What to produce: In the listing that follows, the lines starting at the one containing "by (simp add: bessel_profile'_def)" and ending at the one containing "(* Let $d\ge" are to be returned exactly, both boundary lines included, and no others.

Supplied data:
= = = = =
(* Let $G$ be a connected graph and let $u,v\in V(G)$. (a) Suppose $u$ and $v$ are adjacent in $G$ and let $T,T'$ be search trees on $G$. Then $u$ and $v$ have different relative order in $T$ and $T'$ if and only if every sequence of rotations transforming $T$ into $T'$ contains an odd number of $uv$-rotations. (b) If $u$ and $v$ are true twins in $G$ and $T,T'$ are search trees on $G$, then every minimum length $TT'$-path in $\mathcal{R}(G)$ has exactly one edge determined by a $uv$-rotation if $u$ and $v$ have different relative orders in $T$ and $T'$, and no edge determined by a $uv$-rotation if $u$ and $v$ have the same relative order in $T$ and $T'$.
   Context: For a connected graph $G$, a search tree on $G$ is a rooted tree with vertex set $V(G)$ defined recursively: its root is some vertex $r\in V(G)$, and the children of $r$ are the roots of search trees on the connected components of $G-r$. For a rooted tree $T$ and $w\in V(T)$, $T|w$ denotes the subtree rooted at $w$. Let $T$ be a search tree on $G$, let $b$ be a child of $a$ in $T$, and let $p$ be the parent of $a$ (if it exists). The $ab$-rotation (also called a rotation of the pair $a,b$) transforms $T$ into the search tree $T'$ in which: $a$ is a child of $b$ and $b$ is a child of $p$ (or $b$ is the root if $a$ was the root); every subtree of $a$ in $T$ other than $T|b$ is a subtree of $a$ in $T'$; and every subtree $S$ of $b$ in $T$ is a subtree of $a$ in $T'$ if $a$ is adjacent in $G$ to some vertex of $S$, and a subtree of $b$ in $T'$ otherwise. The rotation graph $\mathcal{R}(G)$ has the search trees on $G$ as vertices, two adjacent iff they differ by one rotation. If $u$ is an ancestor of $v$ in $T$ and a descendant of $v$ in $T'$ (or vice versa), $u,v$ have different relative order in $T$ and $T'$; if $u$ is an ancestor of $v$ in both, or a descendant of $v$ in both, they have the same relative order. True twins: vertices with equal closed neighbourhoods. *)

theory Defs
  imports Main
begin
(* Let $\mathcal{F}$ be a class of simple graphs and consider the assertions: (1) $\mathcal{F}$ is closed under deleting edges; (2) $\equiv_{\mathcal{F}}$ is preserved under taking full complements, i.e.\ for all simple graphs $G$ and $H$ it holds that $G\equiv_{\mathcal{F}}H$ if and only if $\widehat{G}\equiv_{\mathcal{F}}\widehat{H}$; (3) $\mathrm{cl}(\mathcal{F})$ is closed under deleting edges; (4) $\mathrm{cl}(\mathcal{F})$ is closed under taking subgraphs, i.e.\ under deleting edges and vertices; (5) $\equiv_{\mathrm{cl}(\mathcal{F})}$ is preserved under taking full complements. Then (1) implies (2), (2) implies (3), and (3), (4), (5) are pairwise equivalent.
   Context: Graphs are finite, undirected, without multiple edges, possibly with loops; simple means without loops. A homomorphism maps edges to edges (possibly loops) and looped vertices to looped vertices; $\hom(F,G)$ counts homomorphisms. $G\equiv_{\mathcal{F}}H$ means $\hom(F,G)=\hom(F,H)$ for all $F\in\mathcal{F}$. $\mathrm{cl}(\mathcal{F})$ is the class of all simple graphs $K$ such that for all simple $G,H$, $G\equiv_{\mathcal{F}}H$ implies $\hom(K,G)=\hom(K,H)$. The full complement $\widehat{G}$ of a graph $G$ has vertex set $V(G)$; for distinct $u,v$, $uv$ is an edge of $\widehat G$ iff it is not an edge of $G$, and $v$ has a loop in $\widehat G$ iff it has no loop in $G$. *)

theory Defs
  imports Main "HOL-Library.FuncSet"
begin
lemma bessel_profile'_has_derivative:
  assumes "nu \<ge> 0" and "lm > 0" and "r > 0"
  shows "(bessel_profile' nu a lm has_real_derivative
      - ((1 - 2 * a) / r * bessel_profile' nu a lm r + (lm\<^sup>2 + (a\<^sup>2 - nu\<^sup>2) / r\<^sup>2) * bessel_profile nu a lm r)) (at r)"
proof -
  have "(bessel_J nu has_real_derivative deriv (bessel_J nu) (lm * r)) (at (lm * r))"
    using assms by (simp add: bessel_J_differentiable DERIV_deriv_iff_real_differentiable)
  then have J: "((\<lambda>\<rho>. bessel_J nu (lm * \<rho>)) has_real_derivative deriv (bessel_J nu) (lm * r) * lm) (at r)"
    by (rule DERIV_chain2) (auto intro!: derivative_eq_intros)
  have "(deriv (bessel_J nu) has_real_derivative
      (nu\<^sup>2 / (lm * r)\<^sup>2 - 1) * bessel_J nu (lm * r) - deriv (bessel_J nu) (lm * r) / (lm * r)) (at (lm * r))"
    using assms by (intro bessel_equation) auto
  then have J': "((\<lambda>\<rho>. deriv (bessel_J nu) (lm * \<rho>)) has_real_derivative
      ((nu\<^sup>2 / (lm * r)\<^sup>2 - 1) * bessel_J nu (lm * r) - deriv (bessel_J nu) (lm * r) / (lm * r)) * lm) (at r)"
    by (rule DERIV_chain2) (auto intro!: derivative_eq_intros)
  have P: "((\<lambda>\<rho>. \<rho> powr a) has_real_derivative a / r * r powr a) (at r)"
    using has_real_derivative_powr [OF assms(3)] assms(3) by (simp add: powr_diff field_simps)
  have Q: "((\<lambda>\<rho>. a / \<rho>) has_real_derivative - a / r\<^sup>2) (at r)"
    using assms(3) by (auto intro!: derivative_eq_intros simp: power2_eq_square)
  have "((\<lambda>\<rho>. a / \<rho> * (\<rho> powr a * bessel_J nu (lm * \<rho>)) + lm * (\<rho> powr a * deriv (bessel_J nu) (lm * \<rho>)))
      has_real_derivative
      - ((1 - 2 * a) / r * bessel_profile' nu a lm r + (lm\<^sup>2 + (a\<^sup>2 - nu\<^sup>2) / r\<^sup>2) * bessel_profile nu a lm r)) (at r)"
    by (rule DERIV_cong [OF DERIV_add [OF DERIV_mult [OF Q DERIV_mult [OF P J]] DERIV_cmult [OF DERIV_mult [OF P J']]]])
       (use assms in \<open>simp add: bessel_profile_def bessel_profile'_def field_simps power2_eq_square\<close>)
  then show ?thesis
    by (simp add: bessel_profile_def bessel_profile'_def [abs_def] algebra_simps)
qed

lemma bessel_profile_pos:
  assumes "nu > 0" and "lm > 0" and "r > 0"
    and "lm * r < (LEAST x. 0 < x \<and> deriv (bessel_J nu) x = 0)"
  shows "bessel_profile nu a lm r > 0"
  using assms bessel_J_pos [of nu "lm * r"] by (simp add: bessel_profile_def)

lemma bessel_profile'_pos:
  assumes "nu > 0" and "a \<ge> 0" and "lm > 0" and "r > 0"
    and "lm * r < (LEAST x. 0 < x \<and> deriv (bessel_J nu) x = 0)"
  shows "bessel_profile' nu a lm r > 0"
proof -
  have "a / r * bessel_profile nu a lm r \<ge> 0"
    using assms bessel_profile_pos [of nu lm r a] by simp
  moreover have "lm * r powr a * deriv (bessel_J nu) (lm * r) > 0"
    using assms deriv_bessel_J_pos [of nu "lm * r"] by simp
  ultimately show ?thesis
    by (simp add: bessel_profile'_def)
qed
(* Let $d\ge 1$ and let $\mathcal{C}$ be a chordal $d$-uniform clutter on the vertex set $[n]$ with a simplicial order $e_1,\ldots,e_r$, and let $\{N_1,\ldots,N_r\}$ be the simplicial multiset associated with this order. Put $M_i=\sum_{k=1}^r\binom{N_k}{i}$ and let $\Delta=\Delta(\mathcal{C})$ be the clique complex of $\mathcal{C}$. Then \[ \mathbf{f}_\Delta(t)=\sum_{i=0}^{d-1}\binom{n}{i}t^i+t^{d-1}\sum_{i\ge 1}M_i t^i=\sum_{i=0}^{d-1}\binom{n}{i}t^i+t^{d-1}\sum_{i=1}^{r}\big((1+t)^{N_i}-1\big). \] In particular, $\dim\Delta=\max\{N_1,\ldots,N_r\}+(d-2)$.
   Context: A $d$-uniform clutter $\mathcal{C}$ on $[n]$ is a set of $d$-element subsets of $[n]$ (its circuits). A $(d-1)$-subset $e\subset[n]$ is a submaximal circuit of $\mathcal{C}$ if $e\subset F$ for some $F\in\mathcal{C}$. A subset $V\subseteq[n]$ is a clique of $\mathcal{C}$ if every $d$-subset of $V$ belongs to $\mathcal{C}$ (subsets with fewer than $d$ elements are cliques). The clique complex $\Delta(\mathcal{C})$ is the simplicial complex of all cliques. For a $(d-1)$-subset $e$, the open neighborhood is $\mathrm{N}_{\mathcal{C}}(e)=\{c\in[n]: e\cup\{c\}\in\mathcal{C}\}$ and the closed neighborhood is $\mathrm{N}_{\mathcal{C}}[e]=e\cup\mathrm{N}_{\mathcal{C}}(e)$; $e$ is simplicial in $\mathcal{C}$ if $e$ is a submaximal circuit of $\mathcal{C}$ and $\mathrm{N}_{\mathcal{C}}[e]$ is a clique of $\mathcal{C}$. The deletion is $\mathcal{C}\setminus e=\{F\in\mathcal{C}: e\not\subset F\}$, and $\mathcal{C}_{e_1\cdots e_i}=(\cdots((\mathcal{C}\setminus e_1)\setminus e_2)\cdots)\setminus e_i$. A simplicial order of $\mathcal{C}$ is a sequence $e_1,\ldots,e_r$ of $(d-1)$-subsets such that $e_1$ is simplicial in $\mathcal{C}$, $e_i$ is simplicial in $\mathcal{C}_{e_1\cdots e_{i-1}}$ for $i>1$, and $\mathcal{C}_{e_1\cdots e_r}=\emptyset$; $\mathcal{C}$ is chordal if it admits a simplicial order (the empty clutter is chordal). The simplicial multiset of the order is $\{N_1,\ldots,N_r\}$ with $N_1=|\mathrm{N}_{\mathcal{C}}(e_1)|$ and $N_i=|\mathrm{N}_{\mathcal{C}_{e_1\cdots e_{i-1}}}(e_i)|$ for $i>1$. For a simplicial complex $\Delta$ with $f_{i}$ faces of dimension $i$ (so $f_{i-1}$ faces of cardinality $i$, $f_{-1}=1$), the $\mathbf{f}$-polynomial is $\mathbf{f}_\Delta(t)=\sum_{i\ge0}f_{i-1}t^i$. *)

theory Defs
  imports "HOL-Computational_Algebra.Polynomial"
begin
lemma
  fixes c :: "'a::euclidean_space"
  assumes "t \<noteq> 0"
  shows lebesgue_affine_scaleR: "lebesgue = density (distr lebesgue lebesgue (\<lambda>x. c + t *\<^sub>R x)) (\<lambda>_. \<bar>t\<bar> ^ DIM('a))"
    and lebesgue_affine_scaleR_measurable: "(\<lambda>x. c + t *\<^sub>R x) \<in> lebesgue \<rightarrow>\<^sub>M lebesgue"
proof -
  have T: "(\<lambda>x. c + (\<Sum>j\<in>Basis. (t * (x \<bullet> j)) *\<^sub>R j)) = (\<lambda>x. c + t *\<^sub>R x)"
    by (simp flip: scaleR_scaleR scaleR_sum_right add: euclidean_representation)
  show "lebesgue = density (distr lebesgue lebesgue (\<lambda>x. c + t *\<^sub>R x)) (\<lambda>_. \<bar>t\<bar> ^ DIM('a))"
    using lebesgue_affine_euclidean[of "\<lambda>_. t" c] assms by (simp add: T)
  show "(\<lambda>x. c + t *\<^sub>R x) \<in> lebesgue \<rightarrow>\<^sub>M lebesgue"
    using lebesgue_affine_measurable[of "\<lambda>_. t" c] assms by (simp add: T)
qed

lemma nn_integral_lebesgue_affine:
  fixes c :: "'a::euclidean_space"
  assumes t: "t \<noteq> 0" and F: "F \<in> borel_measurable lebesgue"
  shows "(\<integral>\<^sup>+ x. F x \<partial>lebesgue) = ennreal (\<bar>t\<bar> ^ DIM('a)) * (\<integral>\<^sup>+ z. F (c + t *\<^sub>R z) \<partial>lebesgue)"
  using F lebesgue_affine_scaleR_measurable[OF t, of c]
  by (subst lebesgue_affine_scaleR(1)[OF t, of c])
     (simp add: nn_integral_density nn_integral_distr nn_integral_cmult measurable_distr_eq1)

lemma affine_mem_ball_iff:
  fixes c :: "'a::real_normed_vector"
  assumes "0 < t"
  shows "c + t *\<^sub>R z \<in> ball (c + t *\<^sub>R a) (t * r) \<longleftrightarrow> z \<in> ball a r"
proof -
  have "dist (c + t *\<^sub>R a) (c + t *\<^sub>R z) = t * dist a z"
    using assms by (simp add: dist_norm flip: scaleR_diff_right)
  then show ?thesis using assms by simp
qed

lemma set_nn_integral_lebesgue_affine_ball:
  fixes c :: "'a::euclidean_space"
  assumes t: "0 < t" and G: "G \<in> borel_measurable lebesgue"
  shows "(\<integral>\<^sup>+ x \<in> ball (c + t *\<^sub>R a) (t * r). G x \<partial>lebesgue)
       = ennreal (t ^ DIM('a)) * (\<integral>\<^sup>+ z \<in> ball a r. G (c + t *\<^sub>R z) \<partial>lebesgue)"
proof -
  have "(\<integral>\<^sup>+ x \<in> ball (c + t *\<^sub>R a) (t * r). G x \<partial>lebesgue) = ennreal (t ^ DIM('a)) *
      (\<integral>\<^sup>+ z. G (c + t *\<^sub>R z) * indicator (ball (c + t *\<^sub>R a) (t * r)) (c + t *\<^sub>R z) \<partial>lebesgue)"
    using t nn_integral_lebesgue_affine[of t "\<lambda>x. G x * indicator (ball (c + t *\<^sub>R a) (t * r)) x" c]
    by (simp add: G borel_measurable_times_ennreal borel_measurable_indicator fmeasurableD lmeasurable_ball)
  also have "(\<lambda>z. indicator (ball (c + t *\<^sub>R a) (t * r)) (c + t *\<^sub>R z)) = indicator (ball a r)"
    by (intro ext) (simp only: indicator_def affine_mem_ball_iff[OF t])
  finally show ?thesis .
qed

lemma measure_lebesgue_ball_affine:
  fixes c :: "'a::euclidean_space"
  assumes "0 < t" and "0 \<le> r"
  shows "measure lebesgue (ball (c + t *\<^sub>R a) (t * r)) = t ^ DIM('a) * measure lebesgue (ball a r)"
proof -
  have ball: "measure lebesgue (ball x s) = s ^ DIM('a) * measure lebesgue (ball (0::'a) 1)"
    if "0 \<le> s" for x :: 'a and s
    using content_ball_conv_unit_ball[OF that, of x]
    by (metis measure_completion sets_lborel borel_open open_ball)
  have "measure lebesgue (ball (c + t *\<^sub>R a) (t * r)) = (t * r) ^ DIM('a) * measure lebesgue (ball (0::'a) 1)"
    by (rule ball) (use assms in simp)
  also have "\<dots> = t ^ DIM('a) * (r ^ DIM('a) * measure lebesgue (ball (0::'a) 1))"
    by (simp only: power_mult_distrib mult.assoc)
  also have "r ^ DIM('a) * measure lebesgue (ball (0::'a) 1) = measure lebesgue (ball a r)"
    by (rule ball[symmetric]) (use assms in simp)
  finally show ?thesis .
qed

section \<open>Young functions\<close>

lemma young_function_nonneg: "young_function \<Phi> \<Longrightarrow> 0 \<le> t \<Longrightarrow> 0 \<le> \<Phi> t"
  by (simp add: young_function_def)

lemma young_function_zero: "young_function \<Phi> \<Longrightarrow> \<Phi> 0 = 0"
  by (simp add: young_function_def)

lemma young_function_scale_le:
  assumes Y: "young_function \<Phi>" and "0 \<le> u" "u \<le> 1" "0 \<le> y"
  shows "\<Phi> (u * y) \<le> u * \<Phi> y"
proof -
  have "convex_on {0..} \<Phi>" using Y by (simp add: young_function_def)
  then have "\<Phi> ((1 - u) * 0 + u * y) \<le> (1 - u) * \<Phi> 0 + u * \<Phi> y"
    using convex_onD[of "{0..}" \<Phi> u 0 y] assms by auto
  then show ?thesis using young_function_zero[OF Y] by simp
qed

lemma young_function_mono:
  assumes Y: "young_function \<Phi>" and "0 \<le> s" "s \<le> t"
  shows "\<Phi> s \<le> \<Phi> t"
proof (cases "t = 0")
  case False
  then have t: "0 < t" using assms by simp
  have "\<Phi> ((s / t) * t) \<le> (s / t) * \<Phi> t"
    using assms t by (intro young_function_scale_le[OF Y]) auto
  also have "\<dots> \<le> \<Phi> t"
    using assms t young_function_nonneg[OF Y, of t] by (intro mult_left_le_one_le) auto
  finally show ?thesis using t by simp
qed (use assms in simp)

lemma young_function_unbounded:
  assumes "young_function \<Phi>"
  obtains s where "0 < s" "M \<le> \<Phi> s"
proof -
  have "filterlim \<Phi> at_top at_top" using assms by (simp add: young_function_def)
  then obtain s0 where "\<And>s. s0 \<le> s \<Longrightarrow> M \<le> \<Phi> s"
    by (auto simp: filterlim_at_top eventually_at_top_linorder)
  then show ?thesis using that[of "max s0 1"] by simp
qed

lemma young_function_le_max_power:
  assumes Y: "young_function \<Phi>" and growth: "\<And>t. 1 \<le> t \<Longrightarrow> \<Phi> t \<le> c * t powr p"
    and s: "0 \<le> s"
  shows "\<Phi> s \<le> c * max s (s powr p)"
proof -
  have c: "0 \<le> c" using growth[of 1] young_function_nonneg[OF Y, of 1] by simp
  show ?thesis
  proof (cases "1 \<le> s")
    case True
    then have "\<Phi> s \<le> c * s powr p" by (rule growth)
    also have "\<dots> \<le> c * max s (s powr p)" using c by (intro mult_left_mono) auto
    finally show ?thesis .
  next
    case False
    have "\<Phi> (s * 1) \<le> s * \<Phi> 1"
      using False s by (intro young_function_scale_le[OF Y]) auto
    also have "\<dots> \<le> s * c" using growth[of 1] s by (intro mult_left_mono) auto
    also have "\<dots> \<le> c * max s (s powr p)" using c by (simp add: mult.commute mult_left_mono)
    finally show ?thesis by simp
  qed
qed

lemma young_function_inverse_max_mult_le:
  assumes Y: "young_function \<Phi>" and growth: "\<And>t. 1 \<le> t \<Longrightarrow> \<Phi> t \<le> c * t powr p"
    and p: "0 < p" and c: "0 < c" and m: "0 < m" and V: "0 < V"
  shows "\<Phi> (1 / max (c * m / V) ((c * m / V) powr (1 / p))) * m \<le> V"
proof -
  define q where "q = c * m / V"
  define l where "l = max q (q powr (1 / p))"
  have q: "0 < q" using c m V by (simp add: q_def)
  have l: "0 < l" "q \<le> l" using q by (auto simp: l_def)
  have "q = (q powr (1 / p)) powr p" using p q by (simp add: powr_powr)
  also have "\<dots> \<le> l powr p" using p q by (intro powr_mono2) (auto simp: l_def)
  finally have lp: "q \<le> l powr p" .
  have "\<Phi> (1 / l) * m \<le> c * max (1 / l) ((1 / l) powr p) * m"
    using l m by (intro mult_right_mono young_function_le_max_power[OF Y growth]) auto
  also have "\<dots> = max (c * m / l) (c * m / l powr p)"
    using c m l by (simp add: powr_divide max_mult_distrib_right max_mult_distrib_left)
  also have "\<dots> \<le> c * m / q"
    using c m q l lp by (intro max.boundedI divide_left_mono) auto
  also have "\<dots> = V" using c m V by (simp add: q_def)
  finally show ?thesis by (simp add: l_def q_def)
qed

lemma borel_measurable_young_function_comp:
  assumes Y: "young_function \<Phi>" and f: "f \<in> borel_measurable M" and l: "0 < l"
  shows "(\<lambda>x. \<Phi> (\<bar>f x\<bar> / l)) \<in> borel_measurable M"
proof -
  \<comment> \<open>monotone functions are Borel, but \<open>\<Phi>\<close> is monotone only on \<open>[0, \<infinity>)\<close>\<close>
  define \<Phi>' where "\<Phi>' s = \<Phi> (max s 0)" for s
  have "mono \<Phi>'"
    unfolding \<Phi>'_def by (intro monoI young_function_mono[OF Y]) auto
  then have "\<Phi>' \<in> borel_measurable borel"
    by (rule borel_measurable_mono)
  then have "(\<lambda>x. \<Phi>' (\<bar>f x\<bar> / l)) \<in> borel_measurable M"
    using f by measurable
  then show ?thesis using l by (simp add: \<Phi>'_def)
qed

section \<open>Orlicz norms on balls and Morrey--Orlicz norms\<close>

lemma orlicz_ball_norm_leI:
  assumes "0 < l" and "0 < measure lebesgue B"
    and "(\<integral>\<^sup>+ x \<in> B. ennreal (\<Phi> (\<bar>g x\<bar> / l)) \<partial>lebesgue) \<le> measure lebesgue B"
  shows "orlicz_ball_norm \<Phi> g B \<le> ennreal l"
  unfolding orlicz_ball_norm_def
  using assms by (intro Inf_lower) (auto simp: ennreal_divide_le_one_iff)

lemma orlicz_ball_norm_lessD:
  assumes Y: "young_function \<Phi>" and B: "0 < measure lebesgue B"
    and less: "orlicz_ball_norm \<Phi> g B < ennreal l"
  shows "(\<integral>\<^sup>+ x \<in> B. ennreal (\<Phi> (\<bar>g x\<bar> / l)) \<partial>lebesgue) \<le> measure lebesgue B"
proof -
  from less obtain l' where l': "0 < l'" "l' < l"
    and avg: "(\<integral>\<^sup>+ x \<in> B. ennreal (\<Phi> (\<bar>g x\<bar> / l')) \<partial>lebesgue) \<le> measure lebesgue B"
    unfolding orlicz_ball_norm_def Inf_less_iff
    by (auto simp: ennreal_divide_le_one_iff[OF B] ennreal_less_iff)
  have "\<Phi> (\<bar>g x\<bar> / l) \<le> \<Phi> (\<bar>g x\<bar> / l')" for x
    using l' by (intro young_function_mono[OF Y] divide_left_mono) auto
  then have "(\<integral>\<^sup>+ x \<in> B. ennreal (\<Phi> (\<bar>g x\<bar> / l)) \<partial>lebesgue)
      \<le> (\<integral>\<^sup>+ x \<in> B. ennreal (\<Phi> (\<bar>g x\<bar> / l')) \<partial>lebesgue)"
    by (intro nn_integral_mono mult_right_mono ennreal_leI) auto
  with avg show ?thesis by order
qed
(* Suppose $(a_1,a_1),\dots,(a_\ell,a_\ell)\in R$ are distinct, and that there exist $\bullet_1,\dots,\bullet_\ell\in\{\circ,\ast\}$ such that $a_1\bullet_1a_1,\dots,a_\ell\bullet_\ell a_\ell$ are pairwise distinct. Then $\pi\ge\ell(n-2q-m+1)$. Moreover, such $\bullet_i$ always exist if $n$ is odd or if $\ell=2$.
   Context: $G$ is a set of size $n$ and $G(\circ)$, $G(\ast)$ are distinct groups on $G$ with the same identity element. $\mathrm{diff}(\circ,\ast)=\{(a,b):a\circ b\ne a\ast b\}$, $\mathrm{dist}(\circ,\ast)=|\mathrm{diff}(\circ,\ast)|$, $\mathrm{dist}_a=|\{b:a\circ b\ne a\ast b\}|$; $H=\{a:\mathrm{dist}_a=0\}$, $h=|H|$; $K=\{a:\mathrm{dist}_a<n/3\}$, $k=|K|$; $m=\min\{\mathrm{dist}_a:\mathrm{dist}_a>0\}$. Standing assumption: $m\ge 3$. Let $q=\lceil n/3\rceil$ and the profit $\pi=\mathrm{dist}(\circ,\ast)-((k-h)m+(n-k)q)$. Let $R=\{(a,a)\in\mathrm{diff}(\circ,\ast):a\in K\}$, $r=|R|$. *)

theory Defs
  imports Complex_Main "HOL-Algebra.Group"
begin

text \<open>Two binary operations f (for circ) and g (for ast) on a finite carrier G.\<close>

definition diffset :: "'a set \<Rightarrow> ('a \<Rightarrow> 'a \<Rightarrow> 'a) \<Rightarrow> ('a \<Rightarrow> 'a \<Rightarrow> 'a) \<Rightarrow> ('a \<times> 'a) set" where
  "diffset G f g = {(a, b). a \<in> G \<and> b \<in> G \<and> f a b \<noteq> g a b}"

definition distA :: "'a set \<Rightarrow> ('a \<Rightarrow> 'a \<Rightarrow> 'a) \<Rightarrow> ('a \<Rightarrow> 'a \<Rightarrow> 'a) \<Rightarrow> 'a \<Rightarrow> nat" where
  "distA G f g a = card {b \<in> G. f a b \<noteq> g a b}"

definition Hset :: "'a set \<Rightarrow> ('a \<Rightarrow> 'a \<Rightarrow> 'a) \<Rightarrow> ('a \<Rightarrow> 'a \<Rightarrow> 'a) \<Rightarrow> 'a set" where
  "Hset G f g = {a \<in> G. distA G f g a = 0}"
= = = = =
Written answer:
    by (simp add: bessel_profile'_def)
qed
(* Let $d\ge 1$ and let $\mathcal{C}$ be a chordal $d$-uniform clutter on the vertex set $[n]$ with a simplicial order $e_1,\ldots,e_r$, and let $\{N_1,\ldots,N_r\}$ be the simplicial multiset associated with this order. Put $M_i=\sum_{k=1}^r\binom{N_k}{i}$ and let $\Delta=\Delta(\mathcal{C})$ be the clique complex of $\mathcal{C}$. Then \[ \mathbf{f}_\Delta(t)=\sum_{i=0}^{d-1}\binom{n}{i}t^i+t^{d-1}\sum_{i\ge 1}M_i t^i=\sum_{i=0}^{d-1}\binom{n}{i}t^i+t^{d-1}\sum_{i=1}^{r}\big((1+t)^{N_i}-1\big). \] In particular, $\dim\Delta=\max\{N_1,\ldots,N_r\}+(d-2)$.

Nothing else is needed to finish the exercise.